Enable integration with mimalloc memory allocator#1673
Enable integration with mimalloc memory allocator#1673ybrnathan merged 25 commits intomicrosoft:masterfrom
Conversation
…fcarena when using mimalloc
|
It should also be noted that I don't have access to non-Windows hardware and so haven't been able to test the Linux/MacOS builds with mimalloc. The Linux/MacOS code path (add_subdirectory etc.) does build successfully when run on Windows (it's just missing the needed runtime malloc override hooks), and so most likely works on other OS's, but I can't be 100% sure there. |
|
/azp run |
|
May I know how did you observe ~10% performance improvement? Could you show us more details so that I can reproduce your experiment? |
|
Azure Pipelines successfully started running 21 pipeline(s), but failed to run 1 pipeline(s). |
|
BTW, we didn't enable the jemalloc for some reason. Overriding the global malloc/free function in a production environment is general bad, especially in Linux. Because Linux has a global symbol table. If you want to override the malloc function, you must do it before any malloc call happens. It means, it can't just do it inside onnxruntime, you'll also need to override python's malloc/free function, and pthread's, etc. |
|
@snnn Nathan Yan was kind enough to provide one of the first-party models offline so I measured with and without mimalloc. Here are the results: Hardware: Intel Xeon Gold 6252 CPU @ 2.10GHz
|
|
Kile0 is working with me on performance improvement. I will share details of the model offline. |
|
The model only took 0.02 ms for each inference? |
|
/azp run |
|
Azure Pipelines successfully started running 21 pipeline(s), but failed to run 1 pipeline(s). |
|
/azp run |
|
Azure Pipelines successfully started running 21 pipeline(s), but failed to run 1 pipeline(s). |
|
/azp run |
|
Azure Pipelines successfully started running 21 pipeline(s). |
|
/azp run |
|
Azure Pipelines successfully started running 21 pipeline(s). |
|
/azp run |
|
Azure Pipelines successfully started running 21 pipeline(s). |
|
/azp run |
|
Azure Pipelines successfully started running 21 pipeline(s). |
|
/azp run |
|
Azure Pipelines successfully started running 21 pipeline(s). |
|
/azp run |
|
Azure Pipelines successfully started running 21 pipeline(s). |
This reverts commit 7648673.
|
/azp run |
|
Azure Pipelines successfully started running 21 pipeline(s). |
Description:
Enables subbing in the mimalloc memory allocator for the default memory allocator (the flag --use_mimalloc is off by default though).

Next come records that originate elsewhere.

lemma length_space_short_path:
  fixes x y :: "'a::metric_space"
  assumes "length_space TYPE('a)" and "0 < e"
  obtains g where "path g" "pathstart g = x" "pathfinish g = y"
    "curve_length g 0 1 < ereal (dist x y + e)"
proof -
  let ?S = "{(\<gamma>, a, b). a \<le> b \<and> continuous_on {a..b} \<gamma> \<and> \<gamma> a = x \<and> \<gamma> b = y}"
  have "(INF cab \<in> ?S. curve_length (fst cab) (fst (snd cab)) (snd (snd cab))) < ereal (dist x y + e)"
    using assms unfolding length_space_def by (metis ereal_less_eq(3) less_add_same_cancel1 linorder_not_le)
  then obtain \<gamma> a b where ab: "a \<le> b" and \<gamma>: "continuous_on {a..b} \<gamma>" "\<gamma> a = x" "\<gamma> b = y"
    and short: "curve_length \<gamma> a b < ereal (dist x y + e)"
    by (auto simp: INF_less_iff)
  define \<phi> where "\<phi> s = a + s * (b - a)" for s
  have \<phi>: "\<phi> ` {0..1} \<subseteq> {a..b}"
    using ab mult_left_le_one_le[of "b - a"] by (auto simp: \<phi>_def algebra_simps mult_left_mono)
  have "path (\<gamma> \<circ> \<phi>)"
    unfolding path_def \<phi>_def by (intro continuous_on_compose continuous_intros continuous_on_subset[OF \<gamma>(1) \<phi>[unfolded \<phi>_def]])
  moreover have "curve_length (\<gamma> \<circ> \<phi>) 0 1 \<le> curve_length \<gamma> a b"
    using ab by (intro curve_length_reparametrize_le[where \<phi>=\<phi>]) (auto simp: \<phi>_def mult_right_mono)
  ultimately show ?thesis
    using that \<gamma> short by (auto simp: pathstart_def pathfinish_def \<phi>_def)
qed
lemma card_image_involution_pairs:
  assumes closed: "\<And>x. x \<in> A \<Longrightarrow> \<sigma> x \<in> A"
    and involution: "\<And>x. x \<in> A \<Longrightarrow> \<sigma> (\<sigma> x) = x"
    and half: "\<And>x. x \<in> A \<Longrightarrow> P (\<sigma> x) \<longleftrightarrow> \<not> P x"
  shows "card ((\<lambda>x. {x, \<sigma> x}) ` A) = card {x \<in> A. P x}"
proof -
  have "(\<lambda>x. {x, \<sigma> x}) ` A = (\<lambda>x. {x, \<sigma> x}) ` {x \<in> A. P x}"
  proof (intro equalityI subsetI)
    fix p assume "p \<in> (\<lambda>x. {x, \<sigma> x}) ` A"
    then obtain x where x: "x \<in> A" "p = {x, \<sigma> x}" by blast
    show "p \<in> (\<lambda>x. {x, \<sigma> x}) ` {x \<in> A. P x}"
    proof (cases "P x")
      case False
      then have "\<sigma> x \<in> {x \<in> A. P x}" using x closed half by simp
      moreover have "p = {\<sigma> x, \<sigma> (\<sigma> x)}" using x involution by auto
      ultimately show ?thesis by blast
    qed (use x in blast)
  qed blast
  moreover have "inj_on (\<lambda>x. {x, \<sigma> x}) {x \<in> A. P x}"
  proof (rule inj_onI)
    fix x y assume "x \<in> {x \<in> A. P x}" "y \<in> {x \<in> A. P x}" "{x, \<sigma> x} = {y, \<sigma> y}"
    then show "x = y" using half by (auto simp: doubleton_eq_iff)
  qed
  ultimately show ?thesis by (simp add: card_image)
qed

lemma one_to_seven: "{1..7::nat} = {1, 2, 3, 4, 5, 6, 7}"
  by auto

definition sign_flip :: "nat set \<Rightarrow> (nat \<Rightarrow> int) \<Rightarrow> nat \<Rightarrow> int" where
  "sign_flip I x = (\<lambda>i. if i \<in> I then - x i else x i)"

text \<open>Not a simp rule: it would fire on the \<eta>-expansion of \<open>sign_flip I x\<close> inside images and
  pre-empt the invariance rules below.\<close>

lemma sign_flip_apply: "sign_flip I x i = (if i \<in> I then - x i else x i)"
  by (simp add: sign_flip_def)

lemma abs_sign_flip [simp]: "\<bar>sign_flip I x i\<bar> = \<bar>x i\<bar>"
  by (simp add: sign_flip_def)

lemma sign_flip_sign_flip [simp]: "sign_flip I (sign_flip I x) = x"
  by (simp add: sign_flip_def fun_eq_iff)

lemma Z7_abs_cong: "x \<in> Z7 \<Longrightarrow> (\<And>i. \<bar>y i\<bar> = \<bar>x i\<bar>) \<Longrightarrow> y \<in> Z7"
  by (simp add: Z7_def) (metis abs_0_eq)

lemma Gcd_image_abs_cong:
  fixes x y :: "'a \<Rightarrow> int"
  assumes "\<And>i. \<bar>y i\<bar> = \<bar>x i\<bar>"
  shows "Gcd (y ` I) = Gcd (x ` I)"
proof -
  have dvd_iff: "\<And>d i. d dvd y i \<longleftrightarrow> d dvd x i"
    by (metis assms dvd_abs_iff)
  have "Gcd (y ` I) dvd Gcd (x ` I)"
    by (rule Gcd_greatest) (metis Gcd_dvd dvd_iff imageE imageI)
  moreover have "Gcd (x ` I) dvd Gcd (y ` I)"
    by (rule Gcd_greatest) (metis Gcd_dvd dvd_iff imageE imageI)
  ultimately show ?thesis by (simp add: zdvd_antisym_nonneg)
qed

It's important to note why the Windows vs Linux/MacOS builds of mimalloc differ in the CMake changes below. While the mimalloc project does have a CMake project that builds on Windows, the mimalloc dll produced doesn't have the required hooks necessary to override malloc on Windows at runtime. As this is a known issue, mimalloc provides the needed hooks via a special VS solution (both 2017 and 2019 are now supported). Linux/MacOS don't appear to have this issue and so can depend on the default CMakeLists.txt.
Motivation and Context
Mimalloc has better performance than the default ONNXRuntime allocator. In locally run experiments I observed ~10% performance improvement with mimalloc.